In Chinese medicine, seasonal allergies have a couple different etiologies (I know, another shocking case where TCM diagnostics are complicated…all part of the fun of this system!). Spring allergies are often associated with the element of wind. People may become susceptible to these wind-borne pathogens because of a deficiency of spleen or lung qi (and remember, using organ pathologies in Chinese medicine doesn’t mean there’s a problem with your actual insides- it’s just a way of conceptualizing body functions). When the spleen and/or lung qi is deficient, the body’s wei qi ceases to work as well as it should. What on earth is wei qi, you might ask? Excellent question.
Wei qi is the protective qi that surrounds the outer parts of our body to protect us from pathogens trying to sneak in and cause disease. Think of wei qi as Saran wrap, lightly covering everything and preventing things that shouldn’t be coming in from entering into the body (didn’t know you had so much in common with leftovers, did you? I am a literal fountain of knowledge!).
When this wei qi is weak, unruly little things like allergens sneak into the body and cause unpleasant things- those allergy symptoms that make you curse every flower you see.

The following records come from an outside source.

(* Let $\mathcal{M}_1$ be the set of real symmetric $2\times2$ matrices $\mathbf{V}$ with $\mathbf{V}+\tfrac{i}{2}\mathbf{\Omega}>0$, where $\mathbf{\Omega}=\begin{pmatrix}0&1\\-1&0\end{pmatrix}$, equipped with the Riemannian metric $$G_{\mathbf{V}}(\mathbf{A},\mathbf{B})=\int_{-1}^{1}d\lambda\;\mathrm{Tr}\Big[\mathbf{B}\,(2\mathbf{V}+i\lambda\mathbf{\Omega})^{-1}\mathbf{A}\,(2\mathbf{V}+i\lambda\mathbf{\Omega})^{-1}\Big],$$ and let $\mathrm{Scal}(\mathbf{V})$ denote the scalar curvature of $(\mathcal{M}_1,G)$ at $\mathbf{V}$. For $\mathbf{V}\in\mathcal{M}_1$ with symplectic eigenvalue $\nu=\sqrt{\det\mathbf{V}}>1/2$, let $$S_{vN}(\mathbf{V})=\Big(\nu+\tfrac12\Big)\log_2\Big(\nu+\tfrac12\Big)-\Big(\nu-\tfrac12\Big)\log_2\Big(\nu-\tfrac12\Big)$$ be the von Neumann entropy of the corresponding single-mode Gaussian state. Then for all $\mathbf{V},\mathbf{V}'\in\mathcal{M}_1$, $$\mathrm{Scal}(\mathbf{V}')>\mathrm{Scal}(\mathbf{V})\iff S_{vN}(\mathbf{V}')>S_{vN}(\mathbf{V}).$$
   Context: $\mathcal{M}_1$ parametrizes (via covariance matrices) the faithful zero-displacement single-mode bosonic Gaussian states; it is an open subset of the 3-dimensional space of real symmetric $2\times2$ matrices, with tangent spaces identified with that space, and $G$ is the Kubo-Mori-Bogoliubov metric. The scalar curvature is the usual Riemannian scalar curvature of $G$. For a single mode the symplectic eigenvalue $\nu$ of $\mathbf{V}$ (defined by $\mathbf{V}=\mathbf{S}\,\mathrm{diag}(\nu,\nu)\mathbf{S}^T$ with $\mathbf{S}\mathbf{\Omega}\mathbf{S}^T=\mathbf{\Omega}$) equals $\sqrt{\det\mathbf{V}}$. *)

theory Defs
  imports "HOL-Analysis.Analysis"
begin

definition Omega :: "real^2^2" where
  "Omega = vector [vector [0, 1], vector [-1, 0]]"

definition cmat :: "real^2^2 \<Rightarrow> complex^2^2" where
  "cmat M = (\<chi> i j. complex_of_real (M$i$j))"

definition pos_def_herm :: "complex^2^2 \<Rightarrow> bool" where
  "pos_def_herm M \<longleftrightarrow> (\<forall>z::complex^2. z \<noteq> 0 \<longrightarrow>
      (let q = (\<Sum>i\<in>UNIV. \<Sum>j\<in>UNIV. cnj (z$i) * M$i$j * z$j) in Im q = 0 \<and> Re q > 0))"

definition M1 :: "(real^2^2) set" where
  "M1 = {V. transpose V = V \<and>
           pos_def_herm (\<chi> i j. complex_of_real (V$i$j) + (\<i>/2) * complex_of_real (Omega$i$j))}"

definition KMB_mat :: "real^2^2 \<Rightarrow> real \<Rightarrow> complex^2^2" where
  "KMB_mat V l = (\<chi> i j. 2 * complex_of_real (V$i$j) + \<i> * complex_of_real l * complex_of_real (Omega$i$j))"

text \<open>Kubo-Mori-Bogoliubov metric G_V(A,B) (the integral is real; we take its real part).\<close>
definition KMB :: "real^2^2 \<Rightarrow> real^2^2 \<Rightarrow> real^2^2 \<Rightarrow> real" where
  "KMB V A B = Re (integral {-1..1::real}
      (\<lambda>l. trace (cmat B ** matrix_inv (KMB_mat V l) ** cmat A ** matrix_inv (KMB_mat V l))))"

definition sym_of_coords :: "real^3 \<Rightarrow> real^2^2" where
  "sym_of_coords x = vector [vector [x$1, x$2], vector [x$2, x$3]]"

definition coords_of_sym :: "real^2^2 \<Rightarrow> real^3" where
  "coords_of_sym V = vector [V$1$1, V$1$2, V$2$2]"

definition gco :: "real^3 \<Rightarrow> 3 \<Rightarrow> 3 \<Rightarrow> real" where
  "gco x i j = KMB (sym_of_coords x) (sym_of_coords (axis i 1)) (sym_of_coords (axis j 1))"

definition ginv :: "real^3 \<Rightarrow> real^3^3" where
  "ginv x = matrix_inv (\<chi> i j. gco x i j)"

definition pd :: "(real^3 \<Rightarrow> real) \<Rightarrow> 3 \<Rightarrow> real^3 \<Rightarrow> real" where
  "pd f i x = deriv (\<lambda>t. f (x + t *\<^sub>R axis i 1)) 0"

definition Chr :: "real^3 \<Rightarrow> 3 \<Rightarrow> 3 \<Rightarrow> 3 \<Rightarrow> real" where
  "Chr x k i j = (1/2) * (\<Sum>l\<in>UNIV. ginv x $k$l *
      (pd (\<lambda>y. gco y j l) i x + pd (\<lambda>y. gco y i l) j x - pd (\<lambda>y. gco y i j) l x))"

definition Riem :: "real^3 \<Rightarrow> 3 \<Rightarrow> 3 \<Rightarrow> 3 \<Rightarrow> 3 \<Rightarrow> real" where
  "Riem x r s m n = pd (\<lambda>y. Chr y r n s) m x - pd (\<lambda>y. Chr y r m s) n x
      + (\<Sum>l\<in>UNIV. Chr x r m l * Chr x l n s - Chr x r n l * Chr x l m s)"

definition Ric :: "real^3 \<Rightarrow> 3 \<Rightarrow> 3 \<Rightarrow> real" where
  "Ric x s n = (\<Sum>r\<in>UNIV. Riem x r s r n)"

definition scal_coords :: "real^3 \<Rightarrow> real" where
  "scal_coords x = (\<Sum>s\<in>UNIV. \<Sum>n\<in>UNIV. ginv x $s$n * Ric x s n)"

definition Scal :: "real^2^2 \<Rightarrow> real" where
  "Scal V = scal_coords (coords_of_sym V)"

definition S_vN :: "real^2^2 \<Rightarrow> real" where
  "S_vN V = (let \<nu> = sqrt (det V) in
     (\<nu> + 1/2) * log 2 (\<nu> + 1/2) - (\<nu> - 1/2) * log 2 (\<nu> - 1/2))"

end

theory Submission
  imports Defs
begin

text \<open>In the coordinates \<open>V = ((a, b), (b, c))\<close> let \<open>D = a c - b\<^sup>2 = \<nu>\<^sup>2\<close>. The matrix
  \<open>2 V + i \<lambda> \<Omega>\<close> has determinant \<open>4 D - \<lambda>\<^sup>2\<close>, so its inverse is explicit, and integrating over
  \<open>\<lambda>\<close> shows that the KMB metric is \<open>G = P(\<nu>) \<eta> + Q(\<nu>) \<nabla>D \<nabla>D\<^sup>T\<close>, where \<open>\<eta>\<close> is the
  constant Hessian of \<open>D\<close>, \<open>P = - L / (2 \<nu>)\<close>, \<open>Q = dP/dD\<close> and
  \<open>L = ln ((2 \<nu> + 1) / (2 \<nu> - 1))\<close>. Since \<open>\<nabla>D = \<eta> x\<close>, the inverse metric has the same shape, and the
  Christoffel symbols, the Ricci tensor and the scalar curvature all collapse to explicit functions of
  \<open>\<nu>\<close> alone. The resulting function of \<open>\<nu>\<close> has positive derivative on \<open>\<nu> > 1/2\<close>, and so has
  the entropy, whose derivative is \<open>log\<^sub>2 ((\<nu> + 1/2) / (\<nu> - 1/2))\<close>; two strictly increasing
  functions of the same variable order the states in the same way.\<close>

section \<open>Coefficient functions of \<open>\<nu>\<close>\<close>

definition log_ratio :: "real \<Rightarrow> real" where
  "log_ratio v = ln (2 * v + 1) - ln (2 * v - 1)"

So what is one to do? Chinese medicine treatments take a multi-faceted approach. First and foremost, we work on alleviating the major symptoms to get you feeling better fast. There are a number of acupuncture points surrounding the nose, eyes, and sinuses that can help relieve itchy eyes and runny noses. Some people get a little nervous about needles in the face, but we use very small needles for these points, and honestly, the benefits usually way outweigh any hesitations people have. Plus, when I get to put needles on the side of your nose, you look like an adorable cat with whiskers, and it makes me very happy!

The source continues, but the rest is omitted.